А охотник, столь легко сбиваемый со следа, стоит добыче начать изливать душу, поспешно сунул крепкий свой кулак в пасть волку и извлек оттуда… весьма потрепанную девицу! Чьи щеки до того пугающе цвели, что он подумал, не лучше ли оставить ее превратностям волчих внутренностей, но она держала в руках каравай хлеба, и он выронил девицу на пол. Затем, умело и скучая, как хирург, в тысячный раз вырезающий аппендицит, он тщательно вырвал из волчьей пасти подрагивающий мясной холодец и решил, что старуху с ее длинным носом и здоровенными ушами спасти уже не представится возможным, посему плюхнул ком пакости на пол, а налипшую на руку слизь брезгливо вытер о гамбезон; но тут сквозь шерсть продрались большие пальцы ног — мозолистые, с грубыми ногтями и опухолями натоптышей, как будто внутри спал кто-то ногастый на размер больше, — и охотник вновь сунул руку внутрь с презрительной точностью невезучего фокусника, полагающего, что ему суждено нечто пограндиознее нескончаемого извлечения кроликов из цилиндров, и едва не содрал шкуру с… очень пожилой женщины, та-дамм! Не, ну вы прикиньте. Обветшалый волчий экстерьер, как он видел — много чего повидавший в последнее время, — лежал мятой горкой у ног старушки, как выкинутый на помойку протертый плащ, который уже не залатать. От всей этой матрешкиной зоологии у охотника закружилась голова, и он рухнул на стул. И тут мешанина плоти вползла на кровать, окутала собою кости, затем влезла в шкуру и вновь укрылась одеялом, а там испустила последний вздох и обмякла от окончательного помертвения. Девица с лицом, что как ржавая сковородка, прижала к себе каравай, а при виде охотника от киля до клотика покраснела пуще конца света; охотник же глянул на девицу и подумал: «Большевичка», — после чего решил, что срывать цвет с такой пламенеющей наглорожей розы как-то негоже, хоть с караваем она, хоть без, поэтому сунул он мех себе подмышку, качнул локтем и еще разок хорошенько хлебнул вина. А что же голая старая карга? Она улыбнулась парочке и склонила главу пред волком, этим пророком в парше, только что живым у нее внутри. А потом он опять ожил, репатриировался в отечество собственной недужной шкуры. И опять вернется, он таков, это уж как пить дать.
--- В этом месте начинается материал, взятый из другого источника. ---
lemma finite_plane: "finite (plane p)"
proof -
  have "{u. reduced p u} \<subseteq> (\<lambda>(a, b). Affine a b) ` ({0..<p} \<times> {0..<p}) \<union> Ideal ` {0..<p} \<union> {Ideal_Inf}"
  proof
    fix u assume "u \<in> {u. reduced p u}"
    then show "u \<in> (\<lambda>(a, b). Affine a b) ` ({0..<p} \<times> {0..<p}) \<union> Ideal ` {0..<p} \<union> {Ideal_Inf}"
      by (cases u) auto
  qed
  then have "finite {u. reduced p u}" by (rule finite_subset) simp
  then show ?thesis unfolding plane_def by simp
qed

lemma polarity_in_plane: "x \<in> plane p \<Longrightarrow> polarity p x \<in> plane p"
  using reduced_polar[OF prime] by (cases x) (simp add: polarity_def)

lemma polarity_polarity: "x \<in> plane p \<Longrightarrow> polarity p (polarity p x) = x"
  using polar_polar[OF prime] by (cases x) (simp add: polarity_def)

lemma plane_adj_polarity:
  assumes "x \<in> plane p" "y \<in> plane p"
  shows "plane_adj p (polarity p x) (polarity p y) \<longleftrightarrow> plane_adj p x y"
  using assms reduced_polar[OF prime] incident_polar[OF prime]
  by (cases x; cases y) (auto simp: polarity_def)

lemma card_neighbours_polarity:
  assumes x: "x \<in> plane p"
  shows "card {y. plane_adj p (polarity p x) y} = card {y. plane_adj p x y}"
proof -
  have "{y. plane_adj p (polarity p x) y} = polarity p ` {y. plane_adj p x y}"
  proof (intro equalityI subsetI)
    fix y assume "y \<in> {y. plane_adj p (polarity p x) y}"
    then have "y \<in> plane p" "plane_adj p (polarity p x) y" using plane_adj_in_plane by blast+
    then show "y \<in> polarity p ` {y. plane_adj p x y}"
      using plane_adj_polarity[OF x polarity_in_plane] polarity_polarity
      by (metis image_eqI mem_Collect_eq)
  qed (use x plane_adj_polarity plane_adj_in_plane in blast)
  moreover have "inj_on (polarity p) {y. plane_adj p x y}"
    using polarity_polarity plane_adj_in_plane by (metis inj_onI mem_Collect_eq)
  ultimately show ?thesis by (simp add: card_image)
qed

lemma card_points_on_line:
  assumes "reduced p L"
  shows "nat p \<le> card {y. plane_adj p (False, L) y}"
proof -
  have "\<exists>f. inj_on f {0..<p} \<and> f ` {0..<p} \<subseteq> {y. plane_adj p (False, L) y}"
  proof (cases L)
    case (Affine m b)
    have "[(m * t + b) mod p = m * t + b] (mod p)" for t by simp
    then show ?thesis
      using assms Affine prime_gt_0_int[OF prime]
      by (intro exI[of _ "\<lambda>t. (True, Affine t ((m * t + b) mod p))"]) (auto simp: inj_on_def cong_sym_eq)
  next
    case (Ideal c)
    then show ?thesis using assms
      by (intro exI[of _ "\<lambda>t. (True, Affine c t)"]) (auto simp: inj_on_def)
  next
    case Ideal_Inf
    then show ?thesis by (intro exI[of _ "\<lambda>t. (True, Ideal t)"]) (auto simp: inj_on_def)
  qed
  then obtain f where f: "inj_on f {0..<p}" "f ` {0..<p} \<subseteq> {y. plane_adj p (False, L) y}" by blast
  have "finite {y. plane_adj p (False, L) y}"
    using finite_plane plane_adj_in_plane by (blast intro: finite_subset)
  then have "card (f ` {0..<p}) \<le> card {y. plane_adj p (False, L) y}" using f(2) by (rule card_mono)
  then show ?thesis using card_image[OF f(1)] by simp
qed

lemma card_neighbours_plane:
  assumes x: "x \<in> plane p"
  shows "nat p \<le> card {y. plane_adj p x y}"
proof (cases "fst x")
  case True
  then have "x = polarity p (False, polar p (snd x))"
    using x polar_polar[OF prime] by (cases x) (simp add: polarity_def)
  moreover have "reduced p (polar p (snd x))" using x reduced_polar[OF prime] by (cases x) simp
  ultimately show ?thesis
    using card_neighbours_polarity[of "(False, polar p (snd x))"] card_points_on_line by simp
next
  case False
  then show ?thesis using x card_points_on_line by (cases x) simp
qed

lemma common_neighbour_points:
  assumes x: "x \<in> plane p" and y: "y \<in> plane p" and "fst x" "fst y"
  shows "\<exists>z. plane_adj p x z \<and> plane_adj p y z"
proof -
  obtain L where "reduced p L" "incident p (snd x) L" "incident p (snd y) L"
    using exists_line_through[OF prime] x y by (cases x; cases y) auto
  then show ?thesis using x y \<open>fst x\<close> \<open>fst y\<close>
    by (cases x; cases y) (auto intro!: exI[of _ "(False, L)"])
qed

lemma common_neighbour_plane:
  assumes x: "x \<in> plane p" and y: "y \<in> plane p" and "fst x = fst y"
  shows "\<exists>z. plane_adj p x z \<and> plane_adj p y z"
proof (cases "fst x")
  case True
  then show ?thesis using common_neighbour_points[OF x y] \<open>fst x = fst y\<close> by simp
next
  case False
  then obtain z where z: "plane_adj p (polarity p x) z" "plane_adj p (polarity p y) z"
    using common_neighbour_points[OF polarity_in_plane[OF x] polarity_in_plane[OF y]] \<open>fst x = fst y\<close>
    by (auto simp: polarity_def)
  then have "z \<in> plane p" using plane_adj_in_plane by blast
  then have "plane_adj p x (polarity p z) \<and> plane_adj p y (polarity p z)"
    using z plane_adj_polarity[OF x polarity_in_plane] plane_adj_polarity[OF y polarity_in_plane]
      polarity_polarity by simp
  then show ?thesis by blast
qed

lemma no_C4_plane:
  assumes ab: "plane_adj p a b" and bc: "plane_adj p b c" and ce: "plane_adj p c e" and ea: "plane_adj p e a"
  shows "a = c \<or> b = e"
proof -
  obtain s u where a: "a = (s, u)" by (cases a)
  obtain s' v where c': "c = (s', v)" by (cases c)
  have c: "c = (s, v)" using ab bc a c' by (cases b) auto
  obtain L where b: "b = (\<not> s, L)" using ab a by (cases b) auto
  obtain L' where e: "e = (\<not> s, L')" using ea a by (cases e) auto
  show ?thesis
  proof (cases s)
    case True
    then have "u \<noteq> v \<Longrightarrow> L = L'"
      using ab bc ce ea a b c e by (intro unique_line_through[OF prime, of u v]) auto
    then show ?thesis using a b c e by auto
  next
    case False
    then have "L \<noteq> L' \<Longrightarrow> u = v"
      using ab bc ce ea a b c e by (intro unique_line_through[OF prime, of L L']) auto
    then show ?thesis using a b c e by auto
  qed
qed

theorem projective_plane_graph_plane:
  assumes "3 \<le> p"
  shows "projective_plane_graph (plane p) fst (plane_adj p)"
proof
  show "bipartite fst (plane_adj p)" by (rule bipartite_plane)
  show "plane_adj p x y \<Longrightarrow> x \<in> plane p" for x y using plane_adj_in_plane by blast
  show "\<exists>z. plane_adj p x z \<and> plane_adj p y z" if "x \<in> plane p" "y \<in> plane p" "fst x = fst y" for x y
    using common_neighbour_plane that by blast
  show "a = c \<or> b = e"
    if "plane_adj p a b" "plane_adj p b c" "plane_adj p c e" "plane_adj p e a" for a b c e
    using no_C4_plane that by blast
  show "\<exists>a b c. a \<noteq> b \<and> a \<noteq> c \<and> b \<noteq> c \<and> plane_adj p x a \<and> plane_adj p x b \<and> plane_adj p x c"
    if "x \<in> plane p" for x
  proof -
    have "3 \<le> card {y. plane_adj p x y}" using card_neighbours_plane[OF that] assms by linarith
    then show ?thesis by (rule card_three_distinct) blast
  qed
  have "(True, Ideal_Inf) \<in> plane p" by simp
  then show "plane p \<noteq> {}" by blast
qed

corollary rich_graph_plane:
  assumes "3 \<le> p" "d \<le> nat p"
  shows "rich_graph (plane p) fst (plane_adj p) d"
proof -
  interpret projective_plane_graph "plane p" fst "plane_adj p"
    by (rule projective_plane_graph_plane[OF assms(1)])
  show ?thesis using finite_plane card_neighbours_plane assms(2) by (intro rich_graphI) (auto intro: le_trans)
qed

corollary not_has_C4_plane:
  assumes "3 \<le> p"
  shows "\<not> has_C4 (plane p) (plane_adj p)"
  using projective_plane_graph.not_has_C4[OF projective_plane_graph_plane[OF assms]] .

end

lemma rich_graph_two_connected_treewidth:
  assumes "simple_graph V E" "rich_graph V side E k"
  shows "two_connected V E" "k \<le> treewidth V E"
  using assms extension_property_two_connected treewidth_ge_min_degree
  unfolding rich_graph_def by blast+

lemma rich_graphs_defeat_3_variable_sentences:
  assumes G: "rich_graph X side R k" "has_C4 X R"
    and H: "rich_graph Y side' R' k" "\<not> has_C4 Y R'"
    and \<Phi>: "sentence \<Phi>" "var_width \<Phi> \<le> 3"
  obtains V E where "simple_graph V E" "two_connected V E" "k \<le> treewidth V E"
    "models V E \<Phi> \<noteq> contains_subgraph V E C4_V C4_E"
proof -
  obtain V1 s1 E1 where G1: "simple_graph V1 E1" "rich_graph V1 s1 E1 k" "has_C4 V1 E1"
    using rich_graph_on_nat[OF G(1)] G(2) by metis
  obtain V2 s2 E2 where H2: "simple_graph V2 E2" "rich_graph V2 s2 E2 k" "\<not> has_C4 V2 E2"
    using rich_graph_on_nat[OF H(1)] H(2) by metis
  have "models V1 E1 \<Phi> \<longleftrightarrow> models V2 E2 \<Phi>"
    using G1(2) H2(2) \<Phi> unfolding rich_graph_def by (intro models_eq_if_extension_property) blast+
  then have "models V1 E1 \<Phi> \<noteq> contains_subgraph V1 E1 C4_V C4_E \<or>
      models V2 E2 \<Phi> \<noteq> contains_subgraph V2 E2 C4_V C4_E"
    using G1 H2 contains_C4_iff_has_C4 by blast
  then show thesis
    using that G1 H2 rich_graph_two_connected_treewidth by metis
qed

theorem proposition18:
  shows "W'_tw C4_V C4_E = 4"
proof -
  let ?detects = "\<lambda>\<Phi> k. \<forall>V E. simple_graph V E \<and> two_connected V E \<and> treewidth V E \<ge> k \<longrightarrow>
      (models V E \<Phi> \<longleftrightarrow> contains_subgraph V E C4_V C4_E)"
  have "?detects C4_sentence 0"
    using models_C4_sentence_iff contains_C4_iff_has_C4 by blast
  then have upper: "\<exists>\<Phi> k. sentence \<Phi> \<and> var_width \<Phi> = 4 \<and> ?detects \<Phi> k"
    using sentence_C4_sentence var_width_C4_sentence by blast
  have lower: "4 \<le> m" if width_m: "\<exists>\<Phi> k. sentence \<Phi> \<and> var_width \<Phi> = m \<and> ?detects \<Phi> k" for m
  proof (rule ccontr)
    assume "\<not> 4 \<le> m"
    obtain \<Phi> k where \<Phi>: "sentence \<Phi>" "var_width \<Phi> \<le> 3" and detects: "?detects \<Phi> k"
      using width_m \<open>\<not> 4 \<le> m\<close> by fastforce
    obtain q :: nat where q: "prime q" "k + 3 < q" using bigger_prime by blast
    have "rich_graph (double_grid (k + 4)) fst (double_grid_adj (k + 4)) k"
      "has_C4 (double_grid (k + 4)) (double_grid_adj (k + 4))"
      by (simp_all add: rich_graph_double_grid has_C4_double_grid)
    moreover have "rich_graph (plane (int q)) fst (plane_adj (int q)) k"
      "\<not> has_C4 (plane (int q)) (plane_adj (int q))"
      using q by (simp_all add: rich_graph_plane not_has_C4_plane)
    ultimately show False
      using rich_graphs_defeat_3_variable_sentences[OF _ _ _ _ \<Phi>] detects by metis
  qed
  show ?thesis
    unfolding W'_tw_def using upper lower by (rule Least_equality)
qed

end
lemma pairing_beta_functional_ideal:
  assumes z: "is_path Q z"
  shows "a \<in> ideal_of Qh \<Longrightarrow> pairing (beta_functional Q m M z) a = 0"
proof (rule pairing_Qh_ideal_eq_0)
  fix \<rho>0 t X Y assume "\<rho>0 \<in> rels Q" "is_path Qh X" "is_path Qh Y"
  then show "pairing (beta_functional Q m M z) (mul3 Qh X (pushf (pcopy t) \<rho>0) Y) = 0"
    by (rule pairing_beta_functional_copy[OF z])
next
  fix i t X Y
  show "pairing (beta_functional Q m M z) (mul3 Qh X (ebasis (Lay i t, [Gam i (Suc t), Gam i t])) Y) = 0"
    by (cases X, cases Y) (simp add: pairing_mul3_ebasis beta_functional_def pcomp_def)
next
  fix \<alpha> t X Y
  show "pairing (beta_functional Q m M z) (mul3 Qh X (\<lambda>z. ebasis (Lay (src Q \<alpha>) t, [ACopy \<alpha> (Suc t), Gam (src Q \<alpha>) t]) z
              - ebasis (Lay (src Q \<alpha>) t, [Gam (tgt Q \<alpha>) t, ACopy \<alpha> t]) z) Y) = 0"
    by (cases X, cases Y) (simp add: pairing_mul3_diff beta_functional_def pcomp_def)
next
  fix \<rho> X Y assume "\<rho> \<in> rho_M Q m M" "is_path Qh X" "is_path Qh Y"
  then show "pairing (beta_functional Q m M z) (mul3 Qh X \<rho> Y) = 0"
    by (rule pairing_beta_functional_rho_M[OF z])
qed

end

section \<open>Bound paths of the multi-layer quiver\<close>

context multilayer_context
begin

lemma path_start_verts: "is_path Qh (Lay i r, L) \<Longrightarrow> i \<in> verts Q \<and> r \<le> Suc m"
  by (simp add: is_path_def)

lemma bound_path_n_gam_le_1:
  assumes b: "bound_path Qh (Lay i r, L)" and nb0: "n_beta L = 0"
  shows "n_gam L \<le> 1"
proof (rule ccontr)
  assume "\<not> n_gam L \<le> 1"
  have P: "is_path Qh (Lay i r, L)" using b unfolding bound_path_def by blast
  then have "ebasis (Lay i r, L) \<in> ideal_of Qh"
    using beta_free_path_gam_normal_form[OF P nb0] \<open>\<not> n_gam L \<le> 1\<close> by simp
  then show False using b unfolding bound_path_def by simp
qed

lemma bound_path_strip:
  assumes b: "bound_path Qh (Lay i r, L)" and nb0: "n_beta L = 0"
  shows "bound_path Q (i, strip L)"
proof -
  have P: "is_path Qh (Lay i r, L)" using b unfolding bound_path_def by blast
  define j where "j = ptgt Q (i, strip L)"
  have A: "is_path Q (i, strip L)" "ptgt Qh (Lay i r, L) = Lay j (r + n_gam L)"
      "n_gam L = 0 \<longrightarrow> L = lift r (strip L)"
    using beta_free_path[OF P nb0] unfolding j_def by auto
  have r: "r \<le> Suc m" using path_start_verts[OF P] by blast
  have "ebasis (Lay i r, L) \<in> ideal_of Qh" if I: "ebasis (i, strip L) \<in> ideal_of Q"
  proof (cases "n_gam L = 0")
    case True
    then show ?thesis using ebasis_pcopy_ideal[OF I r] A(3) by (simp add: pcopy_lift)
  next
    case False
    then have ng1: "n_gam L = 1" using bound_path_n_gam_le_1[OF b nb0] by simp
    have jv: "j \<in> verts Q" unfolding j_def by (rule ptgt_in_verts[OF bound_quiver_Q A(1)])
    have "Lay j (Suc r) \<in> verts Qh" using A(2) ng1 ptgt_in_verts[OF bound_quiver_Qh P] by simp
    then have rm: "r \<le> m" by simp
    have "ebasis (Lay i r, lift r (strip L)) \<in> ideal_of Qh"
      using ebasis_pcopy_ideal[OF I] rm by (simp add: pcopy_lift)
    then have "ebasis (Lay i r, Gam j r # lift r (strip L)) \<in> ideal_of Qh"
      using ideal_prepend[OF fin_supp_rels_Qh, of "(Lay i r, lift r (strip L))" "Gam j r"] jv rm r
        path_start_verts[OF P] unfolding j_def by (simp add: ptgt_lift)
    moreover have "path_equiv Qh (Lay i r, L) (Lay i r, Gam j r # lift r (strip L))"
      using beta_free_path_gam_normal_form[OF P nb0] ng1 unfolding j_def by simp
    ultimately show ?thesis using path_equiv_ideal by blast
  qed
  then show ?thesis using A(1) b unfolding bound_path_def by blast
qed

text \<open>If \<open>x p\<^sup>* y\<close> vanished, the path \<open>x\<^sup>[\<^sup>m\<^sup>+\<^sup>1\<^sup>] \<beta>\<^sub>p y\<^sup>[\<^sup>0\<^sup>]\<close> would itself be a relation in \<open>\<rho>\<^sub>M\<close>,
  unless it is the arrow \<open>\<beta>\<^sub>p\<close> alone, where \<open>p\<^sup>*(p) = 1\<close>.\<close>

lemma ex_dual_act_nonzero:
  assumes b: "bound_path Qh (Lay i 0, lift (Suc m) X @ Beta s as # lift 0 Y)"
    and sM: "(s, as) \<in> M" and pY: "is_path Q (i, Y)" and tY: "ptgt Q (i, Y) = ptgt Q (s, as)"
    and pX: "is_path Q (s, X)"
  shows "\<exists>z. is_path Q z \<and> dual_act Q m M (s, X) (s, as) (i, Y) z \<noteq> 0"
proof (rule ccontr)
  assume nz: "\<not> (\<exists>z. is_path Q z \<and> dual_act Q m M (s, X) (s, as) (i, Y) z \<noteq> 0)"
  define P where "P = (Lay i 0, lift (Suc m) X @ Beta s as # lift 0 Y)"
  have PP: "is_path Qh P" using b unfolding bound_path_def P_def by blast
  show False
  proof (cases "X = [] \<and> Y = []")
    case True
    have "dual_act Q m M (s, X) (s, as) (i, Y) (s, as) = dualf Q m M (s, as) (s, as)"
      using True tY by (simp add: dual_act_def pcomp_def)
    also have "\<dots> = 1" using dualf_basis[OF mb sM] by simp
    finally show False using nz M_path[OF sM] by auto
  next
    case False
    have len: "2 \<le> plen P" using False unfolding P_def plen_def by (cases X; cases Y) auto
    have "ebasis P \<in> rho_M Q m M"
      unfolding rho_M_def
    proof (intro CollectI conjI exI)
      show "is_relation (ml_base Q m M) (ebasis P)"
        unfolding is_relation_ml by (rule is_relation_ebasis[OF PP len])
      show "finite {((s, X), (s, as), (i, Y))}" by simp
      show "\<forall>(x, p, y)\<in>{((s, X), (s, as), (i, Y))}.
          is_path Q x \<and> p \<in> M \<and> is_path Q y \<and> fst x = fst p \<and> ptgt Q y = ptgt Q p"
        using pX sM pY tY by simp
      show "ebasis P = (\<lambda>z. \<Sum>t\<in>{((s, X), (s, as), (i, Y))}. (\<lambda>_. 1) t * ebasis (bpath m t) z)"
        unfolding P_def by (simp add: bpath_lift)
      show "\<forall>z. is_path Q z \<longrightarrow> (\<Sum>t\<in>{((s, X), (s, as), (i, Y))}.
          (\<lambda>_. 1) t * (case t of (x, p, y) \<Rightarrow> dual_act Q m M x p y z)) = 0"
        using nz by simp
    qed
    then have "ebasis P \<in> rels Qh" unfolding Qh_rels by blast
    then have "ebasis P \<in> ideal_of Qh" by (rule ebasis_rel_ideal[OF bound_quiver_Qh PP])
    then show False using b unfolding bound_path_def P_def by simp
  qed
qed

lemma bound_beta_path_witness:
  assumes b: "bound_path Qh (Lay i r, L)" and nb: "n_beta L \<noteq> 0"
  obtains X s as Y z where "L = lift (Suc m) X @ Beta s as # lift 0 Y" "r = 0"
    "ptgt Qh (Lay i r, L) = Lay (ptgt Q (s, X)) (Suc m)"
    "is_path Q z" "ptgt Q (s, X) = fst z" "ptgt Q z = i"
    "dualf Q m M (s, as) (pcomp (i, Y) (pcomp z (s, X))) \<noteq> 0"
    "length Y + length (snd z) + length X = m"
proof -
  have P: "is_path Qh (Lay i r, L)" using b unfolding bound_path_def by blast
  obtain X s as Y where B: "L = lift (Suc m) X @ Beta s as # lift 0 Y" "(s, as) \<in> M" "r = 0"
      "is_path Q (i, Y)" "ptgt Q (i, Y) = ptgt Q (s, as)" "is_path Q (s, X)"
      "ptgt Qh (Lay i r, L) = Lay (ptgt Q (s, X)) (Suc m)"
    using beta_path_decomp[OF P nb] by blast
  obtain z where z: "is_path Q z" "dual_act Q m M (s, X) (s, as) (i, Y) z \<noteq> 0"
    using ex_dual_act_nonzero[OF _ B(2,4,5,6)] b unfolding B(1,3) by blast
  then have zc: "ptgt Q (s, X) = fst z" "ptgt Q z = i"
    and D: "dualf Q m M (s, as) (pcomp (i, Y) (pcomp z (s, X))) \<noteq> 0"
    by (auto simp: dual_act_def split: if_splits)
  have "plen (pcomp (i, Y) (pcomp z (s, X))) = m" using dualf_nonzero[OF D] by blast
  then have "length Y + length (snd z) + length X = m" by (simp add: plen_def pcomp_def)
  then show thesis by (rule that[OF B(1,3,7) z(1) zc D])
qed

lemma bound_path_length_le_Suc:
  assumes b: "bound_path Qh P"
  shows "plen P \<le> Suc m"
proof -
  obtain i r L where Pe: "P = (Lay i r, L)" and PP: "is_path Qh (Lay i r, L)"
    using b path_Qh_cases unfolding bound_path_def by blast
  have b': "bound_path Qh (Lay i r, L)" using b Pe by simp
  show ?thesis
  proof (cases "n_beta L = 0")
    case True
    have "length L = length (strip L) + n_gam L"
      using length_strip_counts[of L] PP True by (simp add: is_path_def)
    moreover have "n_gam L \<le> 1" by (rule bound_path_n_gam_le_1[OF b' True])
    moreover have "length (strip L) \<le> m"
      using bound_path_length_le[OF fin ngd bound_path_strip[OF b' True]] by (simp add: plen_def)
    ultimately show ?thesis using Pe by (simp add: plen_def)
  next
    case False
    then show ?thesis by (rule bound_beta_path_witness[OF b']) (simp add: Pe plen_def)
  qed
qed

lemma not_maximal_bound_pathI:
  "\<alpha> \<in> arrs Qh \<Longrightarrow> (src Qh \<alpha> = ptgt Qh P \<and> bound_path Qh (fst P, \<alpha> # snd P)) \<or>
     (tgt Qh \<alpha> = fst P \<and> bound_path Qh (src Qh \<alpha>, snd P @ [\<alpha>])) \<Longrightarrow> \<not> maximal_bound_path Qh P"
  unfolding maximal_bound_path_def by blast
Старая-старая старуха, теперь гораздо старше, нежели по прибытии, просто мамонтово старше, чем когда с неохотой вручила дочери тот каравай хлеба, взяла в пальцы сосиску и как бы затянулась ею, а потом глянула на себя в блестящий горб столовой ложки вдовствующей особы — и залюбовалась собой, этим сданным в утиль бельмом на глазу.
Вот о чем я задумалась в какой-то момент, пока переписывала и корежила «Красную Шапочку»: мне нравится, если персонаж одновременно может быть плоским и сложным, когда отбрасываешь привязанность к привычным понятиям о психологии характера и позволяешь персонажам стать просто вместилищами идей. Если персонаж расплющить, читателю не придется тревожно вынюхивать мотивы, а у вас остается место для богатства иных толкований и подтекстов. Как Кейт Бернхаймер говорит в очерке «Сказка — форма, форма — сказка», который вызвал к жизни и эти мысли, и эту историю, подобная умышленная плоскость персонажа «позволяет достичь глубины читательской реакции», и если у вас в экзегетическую привычку вошло толковать психологию, эдак на кушетку можно уложить всю историю.